START Extracted data

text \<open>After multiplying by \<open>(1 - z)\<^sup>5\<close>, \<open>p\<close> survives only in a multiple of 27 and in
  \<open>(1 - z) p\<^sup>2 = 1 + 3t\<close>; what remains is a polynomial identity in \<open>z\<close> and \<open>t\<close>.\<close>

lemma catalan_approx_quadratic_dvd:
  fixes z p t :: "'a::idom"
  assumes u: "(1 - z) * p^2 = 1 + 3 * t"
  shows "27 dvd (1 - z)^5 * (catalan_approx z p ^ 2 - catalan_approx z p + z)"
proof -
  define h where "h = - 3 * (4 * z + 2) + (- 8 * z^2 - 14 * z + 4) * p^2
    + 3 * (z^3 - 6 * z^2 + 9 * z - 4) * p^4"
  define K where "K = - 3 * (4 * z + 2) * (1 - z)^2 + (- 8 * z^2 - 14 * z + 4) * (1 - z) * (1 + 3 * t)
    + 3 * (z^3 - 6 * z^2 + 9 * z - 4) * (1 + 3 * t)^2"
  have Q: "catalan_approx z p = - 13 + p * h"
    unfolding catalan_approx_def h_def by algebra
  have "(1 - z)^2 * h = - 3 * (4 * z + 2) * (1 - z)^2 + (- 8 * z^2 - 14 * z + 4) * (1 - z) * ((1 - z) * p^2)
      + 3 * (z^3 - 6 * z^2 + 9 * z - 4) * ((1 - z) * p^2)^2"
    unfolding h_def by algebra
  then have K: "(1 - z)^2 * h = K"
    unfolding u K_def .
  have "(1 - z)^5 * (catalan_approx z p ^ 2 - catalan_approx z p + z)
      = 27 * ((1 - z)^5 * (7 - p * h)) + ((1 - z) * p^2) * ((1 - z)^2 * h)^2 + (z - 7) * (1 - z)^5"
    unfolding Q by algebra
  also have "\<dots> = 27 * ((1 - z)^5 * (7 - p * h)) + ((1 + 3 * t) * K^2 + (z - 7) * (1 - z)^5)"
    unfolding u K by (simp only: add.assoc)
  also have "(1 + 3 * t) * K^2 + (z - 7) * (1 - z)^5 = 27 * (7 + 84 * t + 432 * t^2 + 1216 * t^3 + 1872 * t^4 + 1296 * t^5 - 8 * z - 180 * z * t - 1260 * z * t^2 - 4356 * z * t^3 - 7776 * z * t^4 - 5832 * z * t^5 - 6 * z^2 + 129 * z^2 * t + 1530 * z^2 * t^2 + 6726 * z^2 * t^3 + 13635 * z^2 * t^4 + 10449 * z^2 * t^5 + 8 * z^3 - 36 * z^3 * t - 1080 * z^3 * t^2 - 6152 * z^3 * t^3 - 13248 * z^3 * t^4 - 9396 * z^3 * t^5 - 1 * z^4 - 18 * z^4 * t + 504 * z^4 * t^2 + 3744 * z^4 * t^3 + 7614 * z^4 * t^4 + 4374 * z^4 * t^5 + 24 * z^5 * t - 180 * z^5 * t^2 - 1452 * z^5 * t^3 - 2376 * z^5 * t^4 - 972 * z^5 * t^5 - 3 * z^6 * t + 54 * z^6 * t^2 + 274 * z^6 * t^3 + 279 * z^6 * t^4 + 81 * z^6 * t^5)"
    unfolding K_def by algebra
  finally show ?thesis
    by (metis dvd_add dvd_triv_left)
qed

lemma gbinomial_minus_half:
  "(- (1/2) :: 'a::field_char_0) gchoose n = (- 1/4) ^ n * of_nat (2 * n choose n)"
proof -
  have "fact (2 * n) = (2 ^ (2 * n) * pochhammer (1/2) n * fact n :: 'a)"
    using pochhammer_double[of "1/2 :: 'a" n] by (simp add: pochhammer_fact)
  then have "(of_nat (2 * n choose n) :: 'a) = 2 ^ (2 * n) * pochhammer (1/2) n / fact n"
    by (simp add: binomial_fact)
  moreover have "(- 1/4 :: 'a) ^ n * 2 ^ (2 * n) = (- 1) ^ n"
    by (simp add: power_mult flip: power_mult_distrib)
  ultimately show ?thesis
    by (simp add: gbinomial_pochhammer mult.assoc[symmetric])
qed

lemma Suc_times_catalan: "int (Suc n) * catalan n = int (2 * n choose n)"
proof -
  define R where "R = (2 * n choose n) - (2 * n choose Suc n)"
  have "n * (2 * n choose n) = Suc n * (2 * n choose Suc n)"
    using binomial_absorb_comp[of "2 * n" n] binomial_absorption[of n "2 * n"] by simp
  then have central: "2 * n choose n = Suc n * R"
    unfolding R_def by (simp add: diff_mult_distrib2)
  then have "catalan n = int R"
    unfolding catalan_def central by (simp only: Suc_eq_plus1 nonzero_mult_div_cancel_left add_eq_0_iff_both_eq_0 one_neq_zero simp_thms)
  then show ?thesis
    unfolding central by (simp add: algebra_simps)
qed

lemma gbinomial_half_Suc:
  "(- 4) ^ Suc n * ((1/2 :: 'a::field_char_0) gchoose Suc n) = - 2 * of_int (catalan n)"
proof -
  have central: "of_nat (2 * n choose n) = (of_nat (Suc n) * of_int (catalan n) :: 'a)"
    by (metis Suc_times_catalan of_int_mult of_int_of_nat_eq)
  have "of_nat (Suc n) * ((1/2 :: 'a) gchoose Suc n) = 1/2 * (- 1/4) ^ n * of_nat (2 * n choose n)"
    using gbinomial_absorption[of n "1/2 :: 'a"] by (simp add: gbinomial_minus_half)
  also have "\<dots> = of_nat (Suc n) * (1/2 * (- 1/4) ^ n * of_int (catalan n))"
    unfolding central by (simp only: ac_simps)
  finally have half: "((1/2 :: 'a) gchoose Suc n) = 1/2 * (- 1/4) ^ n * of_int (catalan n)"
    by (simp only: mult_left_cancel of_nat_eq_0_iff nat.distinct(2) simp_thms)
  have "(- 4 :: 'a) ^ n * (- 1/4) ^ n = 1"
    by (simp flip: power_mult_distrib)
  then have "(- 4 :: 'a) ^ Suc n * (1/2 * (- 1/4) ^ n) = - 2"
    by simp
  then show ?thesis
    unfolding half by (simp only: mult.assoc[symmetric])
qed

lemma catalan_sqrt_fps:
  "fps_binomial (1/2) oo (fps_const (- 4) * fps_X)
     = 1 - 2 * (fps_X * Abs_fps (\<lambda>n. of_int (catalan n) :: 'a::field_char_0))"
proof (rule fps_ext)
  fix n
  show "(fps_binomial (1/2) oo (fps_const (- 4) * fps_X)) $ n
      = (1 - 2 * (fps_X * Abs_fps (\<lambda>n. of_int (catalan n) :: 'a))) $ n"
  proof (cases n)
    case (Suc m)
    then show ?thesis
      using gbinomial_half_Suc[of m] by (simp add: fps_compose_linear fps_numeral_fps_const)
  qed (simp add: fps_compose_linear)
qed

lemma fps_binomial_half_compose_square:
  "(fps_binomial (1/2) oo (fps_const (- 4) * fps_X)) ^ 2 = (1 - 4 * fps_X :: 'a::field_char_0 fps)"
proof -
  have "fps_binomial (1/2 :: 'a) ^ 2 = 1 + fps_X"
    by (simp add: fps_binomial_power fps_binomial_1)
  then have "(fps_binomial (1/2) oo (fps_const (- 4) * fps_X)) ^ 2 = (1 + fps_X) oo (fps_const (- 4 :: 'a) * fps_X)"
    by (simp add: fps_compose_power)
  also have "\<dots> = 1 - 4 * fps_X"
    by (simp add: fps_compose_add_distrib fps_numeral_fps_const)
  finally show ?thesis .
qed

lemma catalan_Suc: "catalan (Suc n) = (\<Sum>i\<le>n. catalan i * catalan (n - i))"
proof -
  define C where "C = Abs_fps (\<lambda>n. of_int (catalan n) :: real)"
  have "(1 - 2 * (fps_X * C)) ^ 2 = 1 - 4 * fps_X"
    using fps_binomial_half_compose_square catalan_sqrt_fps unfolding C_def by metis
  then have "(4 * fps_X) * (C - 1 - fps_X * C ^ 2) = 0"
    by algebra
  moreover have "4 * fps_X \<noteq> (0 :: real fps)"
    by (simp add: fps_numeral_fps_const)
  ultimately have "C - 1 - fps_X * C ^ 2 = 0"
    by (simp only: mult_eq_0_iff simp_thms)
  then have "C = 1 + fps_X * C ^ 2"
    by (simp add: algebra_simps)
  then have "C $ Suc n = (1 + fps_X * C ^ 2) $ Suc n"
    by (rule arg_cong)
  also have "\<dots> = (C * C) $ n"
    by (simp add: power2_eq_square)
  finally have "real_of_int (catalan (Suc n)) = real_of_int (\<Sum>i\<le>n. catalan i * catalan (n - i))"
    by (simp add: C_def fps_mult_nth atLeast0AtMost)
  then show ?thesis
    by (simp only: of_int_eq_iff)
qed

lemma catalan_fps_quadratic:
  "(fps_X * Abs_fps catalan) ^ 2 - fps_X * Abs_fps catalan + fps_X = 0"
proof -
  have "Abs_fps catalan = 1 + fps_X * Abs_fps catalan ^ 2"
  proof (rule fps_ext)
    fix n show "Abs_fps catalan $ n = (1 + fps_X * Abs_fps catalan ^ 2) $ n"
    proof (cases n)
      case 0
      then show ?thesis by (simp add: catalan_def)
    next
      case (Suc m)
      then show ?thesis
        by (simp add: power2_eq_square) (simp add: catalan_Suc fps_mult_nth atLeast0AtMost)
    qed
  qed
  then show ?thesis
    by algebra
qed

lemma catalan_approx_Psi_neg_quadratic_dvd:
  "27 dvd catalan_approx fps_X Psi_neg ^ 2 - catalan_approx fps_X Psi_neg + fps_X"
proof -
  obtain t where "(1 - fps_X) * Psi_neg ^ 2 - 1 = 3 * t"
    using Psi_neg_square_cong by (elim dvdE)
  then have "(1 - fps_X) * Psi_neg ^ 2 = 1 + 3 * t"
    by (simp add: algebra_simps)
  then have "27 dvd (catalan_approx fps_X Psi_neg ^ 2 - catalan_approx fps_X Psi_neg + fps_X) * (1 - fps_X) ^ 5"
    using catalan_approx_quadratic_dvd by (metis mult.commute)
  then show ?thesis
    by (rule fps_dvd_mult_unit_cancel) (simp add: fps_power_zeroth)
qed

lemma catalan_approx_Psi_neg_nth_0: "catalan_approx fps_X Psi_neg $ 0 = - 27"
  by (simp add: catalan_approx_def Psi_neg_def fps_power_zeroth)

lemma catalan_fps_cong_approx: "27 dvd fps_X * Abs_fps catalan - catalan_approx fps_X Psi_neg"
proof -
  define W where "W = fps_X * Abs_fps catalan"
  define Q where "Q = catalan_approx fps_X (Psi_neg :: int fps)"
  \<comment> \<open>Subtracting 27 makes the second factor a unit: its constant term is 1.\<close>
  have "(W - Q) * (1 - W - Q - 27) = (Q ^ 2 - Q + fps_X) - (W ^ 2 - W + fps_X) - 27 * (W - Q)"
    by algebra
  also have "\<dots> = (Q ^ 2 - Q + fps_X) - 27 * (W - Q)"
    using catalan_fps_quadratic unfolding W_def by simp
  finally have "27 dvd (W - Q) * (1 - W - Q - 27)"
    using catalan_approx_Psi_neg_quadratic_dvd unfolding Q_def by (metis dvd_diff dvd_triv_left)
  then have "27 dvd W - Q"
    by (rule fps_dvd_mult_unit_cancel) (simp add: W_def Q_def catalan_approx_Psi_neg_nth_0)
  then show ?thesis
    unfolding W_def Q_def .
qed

END Extracted data

- Exercise brief
Transcribe only, please, the lines from the first line of the records through the line with "dvd (1 - z)^5". Both of those lines are included.

- Exercise answer
text \<open>After multiplying by \<open>(1 - z)\<^sup>5\<close>, \<open>p\<close> survives only in a multiple of 27 and in
  \<open>(1 - z) p\<^sup>2 = 1 + 3t\<close>; what remains is a polynomial identity in \<open>z\<close> and \<open>t\<close>.\<close>

lemma catalan_approx_quadratic_dvd:
  fixes z p t :: "'a::idom"
  assumes u: "(1 - z) * p^2 = 1 + 3 * t"
  shows "27 dvd (1 - z)^5 * (catalan_approx z p ^ 2 - catalan_approx z p + z)"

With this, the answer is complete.